Figure 2: Different approaches to deal with multiple modalities and/or domains. (a) The simplest approach is to use a different detector adapted to each modality. This can lead to a high level of accuracy but requires storing models in memory multiple. (b) Our proposed solution is based on using a single pre-trained model normally trained on the more abundant data (RGB) and then adapting the input through our ModTr model. (c) A single detector is trained on all modalities jointly. This allows using of a single model but requires access to all modalities jointly, which is often not possible, especially when dealing with large pre-trained models..
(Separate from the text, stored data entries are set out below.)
(* Let $n\ge1$, $d=2^n$, and let $|\psi\rangle$ be an $n$-qubit pure state. For a Clifford unitary $C$ and $\mathbf{s}\in\{0,1\}^n$ let $P(\mathbf{s}|C)=|\langle\mathbf{s}|C|\psi\rangle|^2$, and for $\mathbf{s}_1,\mathbf{s}_2,\mathbf{s}_3,\mathbf{s}_4\in\{0,1\}^n$ let $\mathcal{Q}(\mathbf{s}_1,\mathbf{s}_2,\mathbf{s}_3,\mathbf{s}_4)=\mathbb{E}_C\big[P(\mathbf{s}_1|C)P(\mathbf{s}_2|C)P(\mathbf{s}_3|C)P(\mathbf{s}_4|C)\big]$, where $\mathbb{E}_C$ is the average over the uniform distribution on the $n$-qubit Clifford group. Then $$M_2(|\psi\rangle)=-\log\sum_{\mathbf{s}_1,\dots,\mathbf{s}_4\in\{0,1\}^n}(-2)^{-\|\mathbf{s}_1\oplus\mathbf{s}_2\oplus\mathbf{s}_3\oplus\mathbf{s}_4\|}\,\mathcal{Q}(\mathbf{s}_1,\mathbf{s}_2,\mathbf{s}_3,\mathbf{s}_4)-\log d,$$ where $\oplus$ is bitwise addition mod 2 and $\|\mathbf{x}\|$ is the Hamming weight of $\mathbf{x}\in\{0,1\}^n$.
   Context: Logarithms are base 2. $\mathcal{P}_n$ is the set of the $4^n$ $n$-qubit Pauli strings $\sigma_1\otimes\cdots\otimes\sigma_n$, $\sigma_i\in\{I,X,Y,Z\}$. The stabilizer 2-Rényi entropy is $M_2(|\psi\rangle)=-\log\sum_{P\in\mathcal{P}_n}\Xi_P(|\psi\rangle)^2-\log d$ with $\Xi_P(|\psi\rangle)=d^{-1}\langle\psi|P|\psi\rangle^2$. The Clifford group consists of the unitaries $C$ with $CPC^\dagger\in\{\pm1,\pm i\}\mathcal{P}_n$ for all $P\in\mathcal{P}_n$ (global phases do not affect $P(\mathbf{s}|C)$, so the uniform average is over the finite group modulo phases). $|\mathbf{s}\rangle$ denotes the computational basis state labeled by the bit string $\mathbf{s}$. *)

theory Defs
  imports Complex_Main "Jordan_Normal_Form.Matrix"
begin
lemma critical_indep_subset_closed_nbhd:
  assumes S: "max_critical_indep V E S" and T: "critical_indep V E T"
  shows "T \<subseteq> S \<union> nbhd E S"
proof -
  define A where "A = T - (S \<union> nbhd E S)"
  have "critical_indep V E (S \<union> A)"
    using critical_indep_Un_outside[OF _ T] S unfolding A_def max_critical_indep_iff by blast
  then have "card (S \<union> A) \<le> card S"
    using card_le_crit_indep_number S unfolding max_critical_indep_iff by simp
  moreover have "finite A" "S \<inter> A = {}"
    using T indep_finite unfolding critical_indep_def A_def by auto
  moreover have "finite S"
    using S indep_finite unfolding max_critical_indep_iff critical_indep_def by blast
  ultimately have "A = {}"
    by (simp add: card_Un_disjoint)
  then show ?thesis
    unfolding A_def by blast
qed

lemma card_split_closed_nbhd:
  assumes S: "indep V E S" and m: "matching_into E m (nbhd E S) S" and Y: "Y \<subseteq> S \<union> nbhd E S"
  shows "card Y = card (Y \<inter> (S - m ` nbhd E S)) + card (Y \<inter> nbhd E S)
    + card {x \<in> nbhd E S. m x \<in> Y}"
proof -
  let ?D = "nbhd E S" and ?U = "S - m ` nbhd E S"
  let ?M = "m ` {x \<in> ?D. m x \<in> Y}"
  have mD: "m ` ?D \<subseteq> S" "inj_on m ?D"
    using m unfolding matching_into_def by auto
  have fin: "finite (Y \<inter> ?U)" "finite (Y \<inter> ?D)" "finite ?M"
    using indep_finite[OF S] finite_nbhd by auto
  have "Y = (Y \<inter> ?U \<union> Y \<inter> ?D) \<union> ?M"
    using Y mD(1) by auto
  moreover have "card (Y \<inter> ?U \<union> Y \<inter> ?D) = card (Y \<inter> ?U) + card (Y \<inter> ?D)"
    using fin indep_disjoint_nbhd[OF S] by (intro card_Un_disjoint) auto
  moreover have "card (Y \<inter> ?U \<union> Y \<inter> ?D \<union> ?M) = card (Y \<inter> ?U \<union> Y \<inter> ?D) + card ?M"
    using fin indep_disjoint_nbhd[OF S] mD(1) by (intro card_Un_disjoint) auto
  moreover have "card ?M = card {x \<in> ?D. m x \<in> Y}"
    using mD(2) by (rule card_image[OF inj_on_subset]) blast
  ultimately show ?thesis
    by simp
qed
fun vderiv :: "nat \<Rightarrow> (real \<Rightarrow> 'a::real_normed_vector) \<Rightarrow> real \<Rightarrow> 'a" where
  "vderiv 0 f = f"
| "vderiv (Suc k) f = (\<lambda>t. vector_derivative (vderiv k f) (at t))"

definition smooth_on :: "real set \<Rightarrow> (real \<Rightarrow> 'a::real_normed_vector) \<Rightarrow> bool" where
  "smooth_on I f \<longleftrightarrow> (\<forall>k. \<forall>t\<in>I. vderiv k f differentiable (at t))"

definition rankA :: "(real \<Rightarrow> real^3) \<Rightarrow> nat \<Rightarrow> real \<Rightarrow> nat" where
  "rankA \<gamma> m t0 = dim {vderiv k \<gamma> t0 | k. 1 \<le> k \<and> k \<le> m}"

definition finite_type_at :: "(real \<Rightarrow> real^3) \<Rightarrow> real \<Rightarrow> bool" where
  "finite_type_at \<gamma> t0 \<longleftrightarrow> (\<exists>m. rankA \<gamma> m t0 = 3)"

definition curve_type :: "(real \<Rightarrow> real^3) \<Rightarrow> real \<Rightarrow> nat \<times> nat \<times> nat" where
  "curve_type \<gamma> t0 =
     ((LEAST m. rankA \<gamma> m t0 = 1), (LEAST m. rankA \<gamma> m t0 = 2), (LEAST m. rankA \<gamma> m t0 = 3))"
Our work aims to improve the image translation paradigm while addressing its limitations. Our proposed approach, Modality Translation for OD (ModTr), incorporates the detector’s knowledge into the translation module by training directly for the final detection task. Unlike traditional image translation methods, ModTr doesn’t require any source data. It is a simple approach that can be easily integrated with any detector, be it a one-stage or two-stage detector. This approach also has applications in many settings. By incorporating new modalities for a pre-trained detector, it can act as a server that receives diverse images translated from each ModTr block trained for each modality. The detector then generates the desired output with comparable performance to fully fine-tuning but requiring much less computational power on the entire system. In Figure 2, we present several options to integrate new modalities into our system. Figure 2 (a) illustrates the N-Detectors approach, where each detector is trained on a specific modality. While this method is effective, it requires a significant amount of computational resources. Alternatively, we have the N-ModTr-1-Detector approach in Figure 2 (b), which is less resource-intensive as it involves training a specialized model for each modality. Finally, Figure 2 (c) shows a single detector trained on joint modalities, which is not memory-intensive. However, it may not be as optimal as the other methods due to the challenges in multimodal learning. In this work, we focus on the effectiveness of our approach for IR modality, which is commonly used in surveillance and robotics, and the incremental modality detector server-based application, which are important for many settings that require non-interrupt detection predictions.

Our main contributions can be summarized as follows:
(1) We present ModTr, a method for adapting pre-trained ODs from large RGB datasets to new scarce modalities like IR, without requiring access to any source dataset, by translating the input signal. (2) In contrast to standard fine-tuning, our approach does not modify the original detector weights. This allows the detector to retain the knowledge of the source data while adapting to a new modality. As a result, a single model can be used to handle multiple modalities across various translators. For instance, the same model can be used to process RGB during the daytime and IR at nighttime. (3) Our proposed approach, ModTr, is evaluated in several scenarios, showcasing its advantages and flexibility. In particular, ModTr achieves competitive OD accuracy compared with image translation methods on two challenging visible/infrared datasets (LLVIP and FLIR).

2 Related Work↩︎

Object detection. OD is a computer vision task that has as its objective to provide labels and localization for the objects in the image [14]. The two categories of OD are two-stage and one-stage detectors. Two-stage detectors, exemplified by Faster R-CNN [15], first generate regions of interest and then use a second classifier to confirm object presence within those regions. On the other hand, one-stage detectors streamline the detection process by eliminating the proposal generation stage, aiming for end-to-end training and real-time inference speeds. RetinaNet [16] is a one-stage OD model that utilizes a focal loss function to address class imbalance during training. Also, models like FCOS [17] have emerged in this category, eliminating predefined anchor boxes to potentially enhance inference efficiency. The proposed work investigates these three traditional and powerful detectors: the two-stage Faster R-CNN detector, which is highly used on the benchmarks, RetinaNet, and FCOS. The choice of such detectors was due to the simplicity in implementation and integration among other methods, as well as a different range of pre-trained backbone weights, such as ResNet and MobileNet.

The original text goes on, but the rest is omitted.